As the sun sets on what has undoubtedly been the best summer of my life, I’m feeling so very full.
To say that Harry came along and turned both mine and Adam’s lives upside down is an understatement, and yet it was absolutely in all the best ways, without exception. This year has been absolutely full of firsts. Our first cuddle, first feed, first nappy, first cold, first holiday, first bump and bruise, first word, first tantrum, first steps. It’s also been full of laughter, full of love and yes, occasionally some of the toughest moments of our lives too. But spending my days gazing at the baby I so desperately longed for and dreamt of was the greatest remedy to any hard time.
Without question, being Harry’s mama is one hundred percent what I was put on this earth for. Before he came along, our lives were already full, but now with him along for the journey they are overflowing. These past 365 days have been the absolute best days of my life. Truly, I feel like the luckiest girl in the world.

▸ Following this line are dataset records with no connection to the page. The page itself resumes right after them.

lemma Lset_inter_sigmaL_iff_norm:
  fixes \<alpha> \<beta> c :: 'a
  assumes card: "CARD('a) = q ^ n" and "n > 0" and "\<alpha> \<noteq> 0" and "c \<noteq> 0" and "d = h \<or> \<beta> = 0"
  shows "Lset (\<lambda>x. \<alpha> * x ^ (q ^ k) + \<beta> * x) \<inter> sigmaL q h (\<lambda>y. c * y ^ (q ^ d)) \<noteq> {} \<longleftrightarrow>
    normq q n (gcd n (gcd k (nat \<bar>int d - int h\<bar>))) ((1 - \<beta> * c) / (\<alpha> * c)) = 1"
proof -
  have "q > 0" using card_base_ge_two[OF card] by simp
  have "\<alpha> * x ^ (q ^ k - 1) + \<beta> = y ^ q ^ h / (c * y ^ q ^ d) \<longleftrightarrow>
      x ^ (q ^ k - 1) * (y ^ q ^ d / y ^ q ^ h) = (1 - \<beta> * c) / (\<alpha> * c)" if "y \<noteq> 0" for x y :: 'a
    by (rule affine_quotient_eq_iff) (use assms(3-5) that in auto)
  then have "Lset (\<lambda>x. \<alpha> * x ^ (q ^ k) + \<beta> * x) \<inter> sigmaL q h (\<lambda>y. c * y ^ (q ^ d)) \<noteq> {} \<longleftrightarrow>
      (\<exists>x y. x \<noteq> 0 \<and> y \<noteq> 0 \<and> x ^ (q ^ k - 1) * (y ^ q ^ d / y ^ q ^ h) = (1 - \<beta> * c) / (\<alpha> * c))"
    unfolding Lset_inter_sigmaL_monomial_iff[OF assms(4) \<open>q > 0\<close>] by blast
  then show ?thesis
    unfolding normq_def exists_power_times_frobenius_quotient_iff_norm[OF card \<open>n > 0\<close>, symmetric] .
qed

lemma Lset_inter_sigmaL_nonempty:
  fixes \<alpha> \<beta> c :: 'a
  assumes "CARD('a) = q ^ n" and "k \<ge> 1" and "d \<noteq> h" and "2 * (k + nat \<bar>int d - int h\<bar>) \<le> n"
    and "\<alpha> \<noteq> 0" and "\<beta> \<noteq> 0" and "c \<noteq> 0"
  shows "Lset (\<lambda>x. \<alpha> * x ^ (q ^ k) + \<beta> * x) \<inter> sigmaL q h (\<lambda>y. c * y ^ (q ^ d)) \<noteq> {}"
proof -
  have "q > 0" using card_base_ge_two[OF assms(1)] by simp
  show ?thesis
    unfolding Lset_inter_sigmaL_monomial_iff[OF assms(7) \<open>q > 0\<close>]
    using exists_affine_frobenius_quotient[OF assms] .
qed

end
lemma common_upper_cover:
  assumes "covers mu lam" "covers rho lam" "mu \<noteq> rho"
  shows "lam = of_rows (sup (row mu) (row rho))"
    "covers (of_rows (inf (row mu) (row rho))) mu" "covers (of_rows (inf (row mu) (row rho))) rho"
proof -
  obtain i j where parts: "is_partition mu" "is_partition rho" "is_partition lam"
    and i: "row lam = add_cell (row mu) i" and j: "row lam = add_cell (row rho) j"
    using assms(1,2) unfolding covers_iff_add_cell by blast
  have "i \<noteq> j"
  proof
    assume "i = j"
    then have "add_cell (row mu) i = add_cell (row rho) i"
      using i j by simp
    then have "row mu = row rho"
      by (rule add_cell_inject)
    then show False
      using partition_eqI[OF parts(1,2)] assms(3) by blast
  qed
  moreover have "add_cell (row mu) i = add_cell (row rho) j"
    using i j by simp
  ultimately have eq: "row mu = add_cell (inf (row mu) (row rho)) j"
      "row rho = add_cell (inf (row mu) (row rho)) i" "row lam = sup (row mu) (row rho)"
    using add_cell_eq_add_cell i by auto
  then show "lam = of_rows (sup (row mu) (row rho))"
    using of_rows_row[OF parts(3)] by simp
  have "row_function (inf (row mu) (row rho))"
    using row_function_inf row_function_row parts by blast
  then have meet: "is_partition (of_rows (inf (row mu) (row rho)))" "row (of_rows (inf (row mu) (row rho))) = inf (row mu) (row rho)"
    by (simp_all add: partition_of_rows row_of_rows)
  show "covers (of_rows (inf (row mu) (row rho))) mu"
    unfolding covers_iff_add_cell using parts meet eq by (auto intro!: exI[of _ j])
  show "covers (of_rows (inf (row mu) (row rho))) rho"
    unfolding covers_iff_add_cell using parts meet eq by (auto intro!: exI[of _ i])
qed

lemma common_lower_cover:
  assumes "covers sig mu" "covers sig rho" "mu \<noteq> rho"
  shows "sig = of_rows (inf (row mu) (row rho))"
    "covers mu (of_rows (sup (row mu) (row rho)))" "covers rho (of_rows (sup (row mu) (row rho)))"
proof -
  obtain i j where parts: "is_partition mu" "is_partition rho" "is_partition sig"
    and i: "row mu = add_cell (row sig) i" and j: "row rho = add_cell (row sig) j"
    using assms(1,2) unfolding covers_iff_add_cell by blast
  have "i \<noteq> j"
    using i j assms(3) partition_eqI[OF parts(1,2)] by auto
  then have eq: "add_cell (row mu) j = sup (row mu) (row rho)" "add_cell (row rho) i = sup (row mu) (row rho)"
    using add_cell_add_cell[of i j "row sig"] add_cell_add_cell[of j i "row sig"] i j
    by (simp_all add: sup_commute)
  then have "row mu = add_cell (inf (row mu) (row rho)) i"
    using add_cell_eq_add_cell(2)[of "row rho" i "row mu" j] \<open>i \<noteq> j\<close> by (simp add: inf_commute)
  then have "row sig = inf (row mu) (row rho)"
    using i by (simp add: add_cell_inject)
  then show "sig = of_rows (inf (row mu) (row rho))"
    using of_rows_row[OF parts(3)] by simp
  have "row_function (sup (row mu) (row rho))"
    using row_function_sup row_function_row parts by blast
  then have join: "is_partition (of_rows (sup (row mu) (row rho)))" "row (of_rows (sup (row mu) (row rho))) = sup (row mu) (row rho)"
    by (simp_all add: partition_of_rows row_of_rows)
  show "covers mu (of_rows (sup (row mu) (row rho)))"
    unfolding covers_iff_add_cell using parts join eq by (auto intro!: exI[of _ j])
  show "covers rho (of_rows (sup (row mu) (row rho)))"
    unfolding covers_iff_add_cell using parts join eq by (auto intro!: exI[of _ i])
qed

lemma card_up_inter_up_eq_card_down_inter_down:
  assumes "mu \<noteq> rho"
  shows "card (up mu \<inter> up rho) = card (down mu \<inter> down rho)"
proof -
  let ?join = "of_rows (sup (row mu) (row rho))" and ?meet = "of_rows (inf (row mu) (row rho))"
  have ups: "up mu \<inter> up rho \<subseteq> {?join}"
    unfolding up_def using common_upper_cover(1) assms by blast
  have downs: "down mu \<inter> down rho \<subseteq> {?meet}"
    unfolding down_def using common_lower_cover(1) assms by blast
  show ?thesis
  proof (cases "up mu \<inter> up rho = {}")
    case True
    have "down mu \<inter> down rho = {}"
    proof (rule ccontr)
      assume "down mu \<inter> down rho \<noteq> {}"
      then have "?join \<in> up mu \<inter> up rho"
        unfolding up_def down_def using common_lower_cover(2,3) assms by blast
      with True show False by blast
    qed
    with True show ?thesis by simp
  next
    case False
    then have "?meet \<in> down mu \<inter> down rho"
      unfolding up_def down_def using common_upper_cover(2,3) assms by blast
    then have "down mu \<inter> down rho = {?meet}" "up mu \<inter> up rho = {?join}"
      using downs ups False by blast+
    then show ?thesis by simp
  qed
qed

lemma sum_sum_eq_sum_card:
  fixes g :: "'b \<Rightarrow> 'c::comm_semiring_1"
  assumes "finite I" "finite U" "\<And>i. i \<in> I \<Longrightarrow> B i \<subseteq> U"
  shows "(\<Sum>i\<in>I. \<Sum>j\<in>B i. g j) = (\<Sum>j\<in>U. of_nat (card {i \<in> I. j \<in> B i}) * g j)"
proof -
  have "(\<Sum>i\<in>I. \<Sum>j\<in>B i. g j) = (\<Sum>i\<in>I. \<Sum>j\<in>{j \<in> U. j \<in> B i}. g j)"
    using assms(3) by (intro sum.cong) auto
  also have "\<dots> = (\<Sum>j\<in>U. \<Sum>i\<in>{i \<in> I. j \<in> B i}. g j)"
    by (rule sum.swap_restrict[OF assms(1,2)])
  finally show ?thesis by simp
qed

(* The commutation relation DU = UD + I, tested against g. *)
lemma sum_up_down_eq_sum_down_up:
  fixes g :: "nat list \<Rightarrow> 'a::comm_semiring_1"
  assumes "is_partition mu"
  shows "(\<Sum>lam\<in>up mu. \<Sum>rho\<in>down lam. g rho) = (\<Sum>sig\<in>down mu. \<Sum>rho\<in>up sig. g rho) + g mu"
proof -
  define U where "U = (\<Union>lam\<in>up mu. down lam) \<union> (\<Union>sig\<in>down mu. up sig) \<union> {mu}"
  have "finite U"
    unfolding U_def using assms finite_up finite_down partition_if_in_up partition_if_in_down by auto
  have multiplicity: "card {lam \<in> up mu. rho \<in> down lam} = card {sig \<in> down mu. rho \<in> up sig} + (if rho = mu then 1 else 0)"
    for rho
  proof -
    have "{lam \<in> up mu. rho \<in> down lam} = up mu \<inter> up rho" "{sig \<in> down mu. rho \<in> up sig} = down mu \<inter> down rho"
      unfolding up_def down_def by auto
    then show ?thesis
      using card_up_eq_Suc_card_down[OF assms] card_up_inter_up_eq_card_down_inter_down
      by auto
  qed
  have "(\<Sum>lam\<in>up mu. \<Sum>rho\<in>down lam. g rho) = (\<Sum>rho\<in>U. of_nat (card {lam \<in> up mu. rho \<in> down lam}) * g rho)"
    by (rule sum_sum_eq_sum_card[OF finite_up[OF assms] \<open>finite U\<close>]) (auto simp: U_def)
  also have "\<dots> = (\<Sum>rho\<in>U. of_nat (card {sig \<in> down mu. rho \<in> up sig}) * g rho + (if rho = mu then g rho else 0))"
    by (rule sum.cong) (simp_all add: multiplicity distrib_right)
  also have "\<dots> = (\<Sum>rho\<in>U. of_nat (card {sig \<in> down mu. rho \<in> up sig}) * g rho) + g mu"
    using \<open>finite U\<close> by (simp add: sum.distrib U_def)
  also have "(\<Sum>rho\<in>U. of_nat (card {sig \<in> down mu. rho \<in> up sig}) * g rho) = (\<Sum>sig\<in>down mu. \<Sum>rho\<in>up sig. g rho)"
    by (rule sum_sum_eq_sum_card[OF finite_down[OF assms] \<open>finite U\<close>, symmetric]) (auto simp: U_def)
  finally show ?thesis .
qed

Harry is, in one word, wonderful. That is to say, he is absolutely full of wonder. And I am beyond privileged to see the world anew, reframed through his big blue eyes. He’s given me a healthy dose of perspective, and more than ever I know what matters to me, where my lines in the sand are drawn, and what quite frankly, I couldn’t care less about. I’m more focused on channeling my energy into people and experiences that bring myself and our family joy. I’m less bothered about what I can’t control, and I’m learning to say no and mean it – without apologising. It’s been pretty liberating. As a family, we’ve made memories I know will stay with us for the rest of our lives. I can’t wait to add to them as Harry grows, but as with all good things, change is inevitable.
Tomorrow I’ll return to work, in a role that I enjoy, on a part-time basis. As a family we don’t need me to go back to work, but I do want to and I’m very aware that I’m fortunate to have that choice. In recent years I’ve worked hard to progress in a career that I’m proud of, and I want Harry to grow up in a family where he sees both his parents working and contributing equally to all aspects of our life together.
My return to work also affords Adam a choice too. To that end, Adam will be reducing his hours at work too so that he can share more time with Harry, something I couldn’t be more excited about for him. They have the most beautiful relationship, and I’m sure Harry will love ‘Boys’ Club’ as it’s affectionately come to be known in our home. They even have a theme tune…
We will essentially both be working a three day week (albeit three very long days) and between us, his grandparents and nursery I think Harry will have a great balance of time with Mama and Dada, as well as some room to grow and develop independently. I know it will be good for him, and for us.
But goodness me, my year of maternity leave has just flown by in a haze of dribbly kisses, sweaty, limpet-like cuddles, heart-melting smiles and contagious gummy giggles. It felt like forever before he arrived, and I even kept putting off going on leave as I felt fine and wanted to keep working. But now it feels like I’ve blinked and it’s almost over. I will miss my little sidekick more than anything – no amount of time with him would be enough. I question whether this is the right decision for us on a daily basis as I have just adored spending every day with my sunshine boy. The feeling of leaving him is completely gut-wrenching, but my hope is that it will ultimately help him thrive and broaden his horizons, not to mention continue to develop his already *fairly* good social skills – face slapping, hair pulling and glasses stealing especially, though he branched out to feeling up waitresses on holiday last week – eeek. Joking aside, I have had to come to terms with the fact that I’ll likely miss some of his firsts, that I won’t be there to kiss him better when he bumps his head or comfort him every time he is sad and I’m still totally not okay with that, but I also know with unwavering certainty that he will forgive me, he will be ok and that he won’t forget me for two days a week (I’m totally going to be popping down for cuddles on my homeworking day).
I know there’ll be a few deep breaths needed on that first day back, and more than a few tissues to dry my tears. I’ve already shed enough to cause flash flooding across the south west. But they’re also tears of gratitude. I’m so grateful to be Harry’s mama and I know that this is just the start of a brand new chapter in our adventures together. I’m just not quite ready to turn the page yet.